Single Parent Home Buying
I never would have imagined in a million years that homeownership would be a dream and not my reality. I always just thought that I would live the picture-perfect dream. A great marriage, beautiful family, large home with the white picket fence, the whole nine yards. But as we know life never goes according to plan and I became that woman I had always felt sorry for… a divorced, single mom with an 8-month-old baby girl.
I felt like my life had completely crumbled in front of me and at times I barely felt like I could keep my head above water. Scrimping and saving every single penny earned to pay our bills, and provide the necessities for my daughter and I.

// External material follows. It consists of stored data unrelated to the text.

lemma tendsto_integral_level_set:
  fixes \<gamma> g :: "'y::euclidean_space \<Rightarrow> real" and f :: "'a::euclidean_space \<Rightarrow> 'y"
  assumes rad: "radon_on U \<mu>" and \<eta>: "\<eta> \<in> borel_measurable (completion \<mu>)"
    and norm\<eta>: "AE x in \<mu>. norm (\<eta> x) = 1" and f: "f \<in> borel_measurable (completion \<mu>)"
    and t: "test_field U \<theta>" and g: "continuous_on UNIV g"
    and \<gamma>: "continuous_on UNIV \<gamma>" and \<gamma>01: "\<And>y. 0 \<le> \<gamma> y \<and> \<gamma> y \<le> 1"
    and C: "compact C" and \<gamma>C: "\<And>y. y \<notin> C \<Longrightarrow> \<gamma> y = 0"
  shows "(\<lambda>k. \<integral>x. \<gamma> (f x) ^ Suc k * (g (f x) * inner (\<theta> x) (\<eta> x)) \<partial>completion \<mu>)
    \<longlonglongrightarrow> (\<integral>x. indicator (U \<inter> f -` {y. \<gamma> y = 1}) x * (g (f x) * inner (\<theta> x) (\<eta> x)) \<partial>completion \<mu>)"
proof -
  obtain w where w: "integrable (completion \<mu>) w"
    and w_bound: "AE x in completion \<mu>. \<bar>inner (\<theta> x) (\<eta> x)\<bar> \<le> w x"
    using test_field_inner_dominated[OF rad t norm\<eta>] by blast
  have "\<bar>\<gamma> y\<bar> \<le> 1" for y using \<gamma>01[of y] by simp
  then obtain B where B: "B > 0" "\<And>y. \<bar>\<gamma> y * g y\<bar> \<le> B"
    using bounded_mult_cutoff[of g C \<gamma>] g C \<gamma>C by blast
  have s\<mu>: "sets \<mu> = sets borel" using rad by (simp add: radon_on_def)
  have \<theta>: "\<theta> \<in> borel_measurable (completion \<mu>)"
    by (intro measurable_completion borel_measurable_sets_borel[OF s\<mu>]
        borel_measurable_continuous_onI test_field_continuous[OF t])
  have "(\<lambda>k. \<integral>x. \<gamma> (f x) ^ Suc k * (g (f x) * inner (\<theta> x) (\<eta> x)) \<partial>completion \<mu>)
    \<longlonglongrightarrow> (\<integral>x. indicator {x. \<gamma> (f x) = 1} x * (g (f x) * inner (\<theta> x) (\<eta> x)) \<partial>completion \<mu>)"
  proof (rule tendsto_integral_power_indicator)
    show "(\<lambda>x. \<gamma> (f x)) \<in> borel_measurable (completion \<mu>)"
      using measurable_compose[OF f borel_measurable_continuous_onI[OF \<gamma>]] .
    show "(\<lambda>x. g (f x) * inner (\<theta> x) (\<eta> x)) \<in> borel_measurable (completion \<mu>)"
      using measurable_compose[OF f borel_measurable_continuous_onI[OF g]] \<theta> \<eta>
      by (intro borel_measurable_times borel_measurable_inner)
    show "integrable (completion \<mu>) (\<lambda>x. B * w x)" using w by simp
    show "AE x in completion \<mu>. \<bar>\<gamma> (f x) * (g (f x) * inner (\<theta> x) (\<eta> x))\<bar> \<le> B * w x"
      using w_bound
    proof eventually_elim
      case (elim x)
      have "\<bar>\<gamma> (f x) * g (f x)\<bar> * \<bar>inner (\<theta> x) (\<eta> x)\<bar> \<le> B * w x"
        using B(2)[of "f x"] elim B(1) by (intro mult_mono) auto
      then show ?case by (simp add: abs_mult mult.assoc)
    qed
  qed (use \<gamma>01 in auto)
  moreover have "indicator {x. \<gamma> (f x) = 1} x * (g (f x) * inner (\<theta> x) (\<eta> x)) =
      indicator (U \<inter> f -` {y. \<gamma> y = 1}) x * (g (f x) * inner (\<theta> x) (\<eta> x))" for x
    using test_field_eq_0_outside[OF t, of x] by (cases "x \<in> U") (auto simp: indicator_def)
  ultimately show ?thesis by simp
qed
(* Let $\mathcal P$ be a pre-Hahn-localizable family of probability measures on $(\Omega,\mathcal F)$ with a localization $\mathcal Q$ whose supports are pairwise disjoint, and let $\mathcal H_{\mathcal F}^{\mathcal Q}$ be its Hahn-extension. For $\mu\in\mathrm{ca}(\mathcal P)$ and $P\in\mathcal P$ we have $\mu\ll P$ if and only if $\mu^{\mathcal Q}\ll P^{\mathcal Q}$.
   Context: $\mathrm{ca}(\mathcal P)$ is the set of finite signed measures $\mu$ on $\mathcal F$ with $|\mu|\ll P$ for some $P\in\mathcal P$; for signed $\mu$, $\mu\ll P$ means $|\mu|\ll P$. $\mathcal A\lll\mathcal B$ means every $A\in\mathcal A$ is absolutely continuous w.r.t. some $B\in\mathcal B$; $\mathrm{sconv}$ denotes countable convex combinations. $\mathcal P$ is pre-Hahn-localizable with localization $\mathcal Q$ and supports $S_Q\in\mathcal F$ if $Q(S_R)=\delta_{QR}$ for $Q,R\in\mathcal Q$ and $\mathcal Q\lll\mathcal P\lll\mathrm{sconv}(\mathcal Q)$. Hahn-extension: $\mathcal H_{\mathcal F}^{\mathcal Q}=\sigma\big(\mathcal F\cup\{\bigcup_{Q}E_Q:E_Q\in\mathcal F,E_Q\subseteq S_Q\}\big)$. For $\mu\in\mathrm{ca}(\mathcal P)$, $\mathcal Q(\mu)=\{Q:|\mu|(S_Q)>0\}$ (countable) and $\mu^{\mathcal Q}(A)=\sum_{Q\in\mathcal Q(\mu)}\mu(A\cap S_Q)$ for $A\in\mathcal H_{\mathcal F}^{\mathcal Q}$, a finite signed measure extending $\mu$. *)

theory Defs
  imports "HOL-Probability.Probability"
begin

definition signed_measure_on :: "'a set set \<Rightarrow> ('a set \<Rightarrow> real) \<Rightarrow> bool" where
  "signed_measure_on Sig mu \<longleftrightarrow> mu {} = 0 \<and>
     (\<forall>A :: nat \<Rightarrow> 'a set. range A \<subseteq> Sig \<longrightarrow> disjoint_family A \<longrightarrow>
        (\<lambda>i. mu (A i)) sums mu (\<Union>i. A i))"

definition tvar :: "'a set set \<Rightarrow> ('a set \<Rightarrow> real) \<Rightarrow> 'a set \<Rightarrow> ereal" where
  "tvar Sig mu A = (SUP D \<in> {D. finite D \<and> D \<subseteq> Sig \<and> disjoint D \<and> \<Union>D = A}.
                       ereal (\<Sum>B\<in>D. \<bar>mu B\<bar>))"

definition sabs_cont :: "'a set set \<Rightarrow> ('a set \<Rightarrow> real) \<Rightarrow> ('a set \<Rightarrow> real) \<Rightarrow> bool" where
  "sabs_cont Sig mu nu \<longleftrightarrow> (\<forall>A\<in>Sig. nu A = 0 \<longrightarrow> tvar Sig mu A = 0)"

definition ca :: "'a measure \<Rightarrow> 'a measure set \<Rightarrow> ('a set \<Rightarrow> real) set" where
  "ca M Ps = {mu. signed_measure_on (sets M) mu \<and> (\<exists>P\<in>Ps. sabs_cont (sets M) mu (measure P))}"

text \<open>A <<< B: every A in As is absolutely continuous w.r.t. some B in Bs
  (absolutely_continuous B A means null_sets B \<subseteq> null_sets A, i.e. A << B).\<close>
definition lll :: "'a measure set \<Rightarrow> 'a measure set \<Rightarrow> bool" where
  "lll As Bs \<longleftrightarrow> (\<forall>A\<in>As. \<exists>B\<in>Bs. absolutely_continuous B A)"

definition sconv :: "'a measure \<Rightarrow> 'a measure set \<Rightarrow> 'a measure set" where
  "sconv M Qs = {R. sets R = sets M \<and>
     (\<exists>(q :: nat \<Rightarrow> 'a measure) (w :: nat \<Rightarrow> real). range q \<subseteq> Qs \<and> (\<forall>n. 0 \<le> w n) \<and> w sums 1 \<and>
        (\<forall>A\<in>sets M. emeasure R A = (\<Sum>n. ennreal (w n) * emeasure (q n) A)))}"

definition pre_hahn_localizable ::
    "'a measure \<Rightarrow> 'a measure set \<Rightarrow> 'a measure set \<Rightarrow> ('a measure \<Rightarrow> 'a set) \<Rightarrow> bool" where
  "pre_hahn_localizable M Ps Qs S \<longleftrightarrow>
     (\<forall>Q\<in>Qs. prob_space Q \<and> sets Q = sets M \<and> S Q \<in> sets M) \<and>
     (\<forall>Q\<in>Qs. \<forall>R\<in>Qs. measure Q (S R) = (if Q = R then 1 else 0)) \<and>
     lll Qs Ps \<and> lll Ps (sconv M Qs)"

definition hahn_ext :: "'a measure \<Rightarrow> 'a measure set \<Rightarrow> ('a measure \<Rightarrow> 'a set) \<Rightarrow> 'a set set" where
  "hahn_ext M Qs S = sigma_sets (space M)
     (sets M \<union> {(\<Union>Q\<in>Qs. E Q) | E. \<forall>Q\<in>Qs. E Q \<in> sets M \<and> E Q \<subseteq> S Q})"

definition Qof :: "'a measure \<Rightarrow> 'a measure set \<Rightarrow> ('a measure \<Rightarrow> 'a set) \<Rightarrow> ('a set \<Rightarrow> real) \<Rightarrow> 'a measure set" where
  "Qof M Qs S mu = {Q\<in>Qs. tvar (sets M) mu (S Q) > 0}"

definition loc_ext :: "'a measure \<Rightarrow> 'a measure set \<Rightarrow> ('a measure \<Rightarrow> 'a set) \<Rightarrow> ('a set \<Rightarrow> real) \<Rightarrow> 'a set \<Rightarrow> real" where
  "loc_ext M Qs S mu A = infsum (\<lambda>Q. mu (A \<inter> S Q)) (Qof M Qs S mu)"

end

theory Submission
  imports Defs
begin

Home Ownership Seemed Impossible
Homeownership seemed next to impossible. Yet, all I could think about was purchasing a home and providing a roof to put over our heads. Over the next 14 months, I made it my mission to do everything I could do in my power to set myself up to eventually one day be able to purchase a home. I felt like I needed to prove to myself I could do it all on my own, but I had no clue where to start.
Thankfully, a very dear family friend was a mortgage broker, so shame and all I picked up the phone to call Teresa to pick her brain about qualifying for a mortgage. I slowly learnt that there was no reason to feel shame. Everyone has to start somewhere and that was my day! Teresa educated me on building my credit (yes, I didn’t have a credit card up to this point in my life!). As well as, what it would take for me to one day be able to qualify for a mortgage on my own.

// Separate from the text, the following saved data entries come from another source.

lemma parametric_parabolic_nonneg_AE:
  fixes u ut c :: "real \<Rightarrow> real^'n \<Rightarrow> real \<Rightarrow> real" and ux :: "real \<Rightarrow> real^'n \<Rightarrow> real \<Rightarrow> real^'n"
    and uxx :: "real \<Rightarrow> real^'n \<Rightarrow> real \<Rightarrow> real^'n^'n"
    and b :: "real \<Rightarrow> real^'n \<Rightarrow> real^'n" and a :: "real \<Rightarrow> real"
  assumes dom: "C11_domain_with_normal \<Omega> nrm"
    and u': "\<forall>t\<in>{0..T}. \<forall>x\<in>closure \<Omega>. \<forall>r>r0.
          ((\<lambda>s. u s x r) has_real_derivative ut t x r) (at t within {0..T}) \<and>
          ((\<lambda>y. u t y r) has_derivative (\<lambda>h. ux t x r \<bullet> h)) (at x within closure \<Omega>) \<and>
          ((\<lambda>y. ux t y r) has_derivative (\<lambda>h. uxx t x r *v h)) (at x within closure \<Omega>)"
    and cont: "continuous_on ({0..T} \<times> closure \<Omega> \<times> {r0<..}) (\<lambda>(t, x, r). u t x r)"
      "continuous_on ({0..T} \<times> closure \<Omega> \<times> {r0<..}) (\<lambda>(t, x, r). ut t x r)"
      "continuous_on ({0..T} \<times> closure \<Omega> \<times> {r0<..}) (\<lambda>(t, x, r). ux t x r)"
      "continuous_on ({0..T} \<times> closure \<Omega> \<times> {r0<..}) (\<lambda>(t, x, r). uxx t x r)"
      "continuous_on ({0..T} \<times> closure \<Omega> \<times> {r0<..}) (\<lambda>(t, x, r). c t x r)"
      "continuous_on ({0..T} \<times> closure \<Omega>) (\<lambda>(t, x). b t x)"
      "continuous_on {r0<..} a"
    and init: "\<forall>x\<in>\<Omega>. \<forall>r>r0. 0 \<le> u 0 x r"
    and neumann: "\<forall>t\<in>{0<..<T}. \<forall>x\<in>frontier \<Omega>. \<forall>r>r0. ux t x r \<bullet> nrm x = 0"
    and a: "\<forall>r>r0. 0 \<le> a r" and c: "\<forall>t\<in>{0<..<T}. \<forall>x\<in>closure \<Omega>. \<forall>r>r0. 0 \<le> c t x r"
    and super: "AE (t, x, r) in lebesgue. (t, x, r) \<in> {0<..<T} \<times> \<Omega> \<times> {r0<..} \<longrightarrow> u t x r < 0 \<longrightarrow>
          0 \<le> ut t x r + b t x \<bullet> ux t x r - a r * lap (uxx t x r) + c t x r * u t x r"
  shows "\<forall>t\<in>{0..<T}. \<forall>x\<in>closure \<Omega>. \<forall>r>r0. 0 \<le> u t x r"
proof (intro ballI allI impI)
  define S where "S = {0..T} \<times> closure \<Omega> \<times> {r0<..}"
  define L where "L t x r = ut t x r + b t x \<bullet> ux t x r - a r * lap (uxx t x r) + c t x r * u t x r"
    for t x r
  have "continuous_on S (\<lambda>q. (\<lambda>(t, x). b t x) (fst q, fst (snd q)))"
    by (rule continuous_on_compose2[OF cont(6)]) (auto simp: S_def intro!: continuous_intros)
  moreover have "continuous_on S (\<lambda>q. a (snd (snd q)))"
    by (rule continuous_on_compose2[OF cont(7)]) (auto simp: S_def intro!: continuous_intros)
  ultimately have L_cont: "continuous_on S (\<lambda>(t, x, r). L t x r)"
    using cont(1-5) unfolding L_def split_def S_def
    by (intro continuous_intros continuous_on_lap) auto
  have sub: "{0<..<T} \<times> \<Omega> \<times> {r0<..} \<subseteq> S"
    using closure_subset by (auto simp: S_def)
  have "\<forall>q\<in>{0<..<T} \<times> \<Omega> \<times> {r0<..}. (\<lambda>(t, x, r). u t x r) q < 0 \<longrightarrow> 0 \<le> (\<lambda>(t, x, r). L t x r) q"
  proof (rule AE_nonneg_where_neg_imp_nonneg)
    show "open ({0<..<T} \<times> \<Omega> \<times> {r0<..})"
      using dom unfolding C11_domain_with_normal_def by (intro open_Times) auto
    show "continuous_on ({0<..<T} \<times> \<Omega> \<times> {r0<..}) (\<lambda>(t, x, r). u t x r)"
      using cont(1) sub unfolding S_def by (rule continuous_on_subset)
    show "continuous_on ({0<..<T} \<times> \<Omega> \<times> {r0<..}) (\<lambda>(t, x, r). L t x r)"
      using L_cont sub by (rule continuous_on_subset)
    show "AE q in lebesgue. q \<in> {0<..<T} \<times> \<Omega> \<times> {r0<..} \<longrightarrow>
        (\<lambda>(t, x, r). u t x r) q < 0 \<longrightarrow> 0 \<le> (\<lambda>(t, x, r). L t x r) q"
      using super by (rule eventually_mono) (auto simp: L_def)
  qed
  then have pointwise: "\<forall>t\<in>{0<..<T}. \<forall>x\<in>\<Omega>. u t x r < 0 \<longrightarrow> 0 \<le> L t x r" if "r > r0" for r
    using that by auto
  fix t x r
  assume "t \<in> {0..<T}" "x \<in> closure \<Omega>" "r0 < r"
  have L_slice: "continuous_on ({0..T} \<times> closure \<Omega>) (\<lambda>(t, x). L t x r)"
    by (rule continuous_on_Times_slice[OF L_cont[unfolded S_def]]) (use \<open>r0 < r\<close> in auto)
  show "0 \<le> u t x r"
  proof (rule parabolic_minimum_principle[where u = "\<lambda>t x. u t x r" and C = 0, OF dom])
    show "continuous_on ({0..T} \<times> closure \<Omega>) (\<lambda>(t, x). u t x r)"
      by (rule continuous_on_Times_slice[OF cont(1)]) (use \<open>r0 < r\<close> in auto)
    show "\<forall>t\<in>{0<..<T}. continuous_on (closure \<Omega>)
        (\<lambda>x. ut t x r + b t x \<bullet> ux t x r - a r * lap (uxx t x r) + c t x r * u t x r)"
      using continuous_on_Pair_slice[OF L_slice] by (simp add: L_def)
    show "\<forall>t\<in>{0<..<T}. \<forall>x\<in>\<Omega>. u t x r < 0 \<longrightarrow>
        0 \<le> ut t x r + b t x \<bullet> ux t x r - a r * lap (uxx t x r) + c t x r * u t x r"
      using pointwise[OF \<open>r0 < r\<close>] by (simp add: L_def)
  qed (use u' init neumann a c \<open>r0 < r\<close> \<open>t \<in> {0..<T}\<close> \<open>x \<in> closure \<Omega>\<close> in auto)
qed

With the love and support of my parents, sister and best friend I was able to work two jobs and countless hours to be able to set my dreams into motion. With all my blood, sweat and lots and lots of tears later, I nervously picked up the phone again and called Teresa. Still seeming so far out of reach, I wanted to know how close I actually was to being able to qualify for a mortgage.
Finding Our Home
A couple of days later my phone rang, and it was Teresa – I could barely believe the news!!!!! I had done it! I was able to qualify for a mortgage all on my own! Stunned by the most exciting news, the dreams of a large fancy home came rushing through my mind. Little did I know the actual costs of homes. Was I ever in for a big shocker!!!!

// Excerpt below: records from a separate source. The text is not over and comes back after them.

lemma unitary_upper_dominant:
  fixes G :: "complex^2^2"
  assumes "col_norm G 2 \<le> col_norm G 1"
  shows "\<exists>U w. unitary_mat U \<and> cmod w = 1 \<and> upper_dominant (conj_transpose U ** G ** diag2 1 w)"
proof -
  obtain g11 g12 g21 g22 where G: "G = mat2 g11 g12 g21 g22"
    by (metis mat2_eta)
  have "G ** diag2 1 w = mat2 g11 (w * g12) g21 (w * g22)" for w
    by (simp add: G diag2_eq_mat2 mult.commute)
  moreover have "(cmod g12)\<^sup>2 + (cmod g22)\<^sup>2 \<le> (cmod g11)\<^sup>2 + (cmod g21)\<^sup>2"
    using assms by (simp add: G col_norm_2)
  ultimately show ?thesis
    by (metis unitary_upper_dominant_columns matrix_mul_assoc)
qed

lemma unitary_lower_dominant:
  fixes G :: "complex^2^2"
  assumes "col_norm G 1 \<le> col_norm G 2"
  shows "\<exists>U w. unitary_mat U \<and> cmod w = 1 \<and> lower_dominant (conj_transpose U ** G ** diag2 w 1)"
proof -
  obtain U w where U: "unitary_mat U" and w: "cmod w = 1"
    and T: "upper_dominant (conj_transpose U ** (G ** swap2) ** diag2 1 w)"
    using unitary_upper_dominant[of "G ** swap2"] assms by (auto simp: col_norm_mult_swap2)
  have "conj_transpose (U ** swap2) ** G ** diag2 w 1
          = swap2 ** conj_transpose U ** G ** (swap2 ** diag2 1 w ** swap2)"
    by (simp add: conj_transpose_mult conj_transpose_swap2 swap2_diag2_swap2)
  also have "\<dots> = swap2 ** (conj_transpose U ** (G ** swap2) ** diag2 1 w) ** swap2"
    by (simp add: matrix_mul_assoc)
  finally show ?thesis
    using U w T unitary_mat_swap2 lower_dominant_swap2_conj unitary_mat_mult by metis
qed

theorem mainTheorem7:
  fixes G :: "complex^2^2" and j1 j2 :: complex
  assumes "j1 \<in> {1, -1}" and "j2 \<in> {1, -1}"
  shows "\<exists>U V :: complex^2^2.
     unitary_mat U \<and> unitary_mat V \<and> J_unitary (diag2 j1 j2) V \<and>
     (let T = conj_transpose U ** G ** V in
        (\<forall>i k. T $ i $ k \<in> \<real> \<and> Re (T $ i $ k) \<ge> 0) \<and>
        ((j1 = j2 \<or> (j1 \<noteq> j2 \<and> col_norm G 1 \<ge> col_norm G 2)) \<longrightarrow>
           T $ 2 $ 1 = 0 \<and>
           (Re (T $ 1 $ 1))\<^sup>2 \<ge> (Re (T $ 1 $ 2))\<^sup>2 + (Re (T $ 2 $ 2))\<^sup>2) \<and>
        ((j1 \<noteq> j2 \<and> col_norm G 1 < col_norm G 2) \<longrightarrow>
           T $ 1 $ 2 = 0 \<and>
           (Re (T $ 2 $ 2))\<^sup>2 \<ge> (Re (T $ 2 $ 1))\<^sup>2 + (Re (T $ 1 $ 1))\<^sup>2))"
proof -
  consider (upper) "col_norm G 2 \<le> col_norm G 1"
    | (swapped) "col_norm G 1 < col_norm G 2" "j1 = j2"
    | (lower) "col_norm G 1 < col_norm G 2" "j1 \<noteq> j2"
    by linarith
  then show ?thesis
  proof cases
    case upper
    then obtain U w where "unitary_mat U" "cmod w = 1" "upper_dominant (conj_transpose U ** G ** diag2 1 w)"
      using unitary_upper_dominant by blast
    with upper show ?thesis
      by (intro exI[of _ U] exI[of _ "diag2 1 w"])
         (auto simp: Let_def upper_dominant_def real_nonneg_mat_def unitary_mat_diag2 J_unitary_diag2)
  next
    case swapped
    then obtain U w where "unitary_mat U" "cmod w = 1"
      "upper_dominant (conj_transpose U ** (G ** swap2) ** diag2 1 w)"
      using unitary_upper_dominant[of "G ** swap2"] by (auto simp: col_norm_mult_swap2)
    with swapped show ?thesis
      by (intro exI[of _ U] exI[of _ "swap2 ** diag2 1 w"])
         (auto simp: Let_def upper_dominant_def real_nonneg_mat_def matrix_mul_assoc
           unitary_mat_mult unitary_mat_swap2 unitary_mat_diag2
           J_unitary_mult J_unitary_swap2 J_unitary_diag2)
  next
    case lower
    then obtain U w where "unitary_mat U" "cmod w = 1" "lower_dominant (conj_transpose U ** G ** diag2 w 1)"
      using unitary_lower_dominant[of G] by fastforce
    with lower show ?thesis
      by (intro exI[of _ U] exI[of _ "diag2 w 1"])
         (auto simp: Let_def lower_dominant_def real_nonneg_mat_def unitary_mat_diag2 J_unitary_diag2)
  qed
qed

end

After sitting down with my realtor, Ramona, I couldn’t help but start to feel the sheer disappointment. The large fancy home I had been dreaming about for the last 14 months was not in my cards. After looking at a couple of condos and townhomes I slowly started to realize that I didn’t need anything fancy. I would be just as content, perhaps even happier in a quaint, cozy little condo or townhome. A house is just a house, and all I was really looking for after all this time is my own 4 walls. I wanted somewhere to make home, somewhere I could start to rebuild a life for K and I. Somewhere to start fresh, wipe the slate clean, somewhere to start making memories just the two of us.
After what felt like an eternity, I eventually bought us a home! It was somewhere for K and I to hang our hats after a long day, somewhere to cozy up on the couch watching countless Disney movies on a rainy Sunday afternoon. This home of mine was a tiny little stacked townhome in the West end of the city. Little did I know that this little townhome was my dream home, my fresh start in life. 49 Rhonda Rd will forever hold a very dear place in my heart.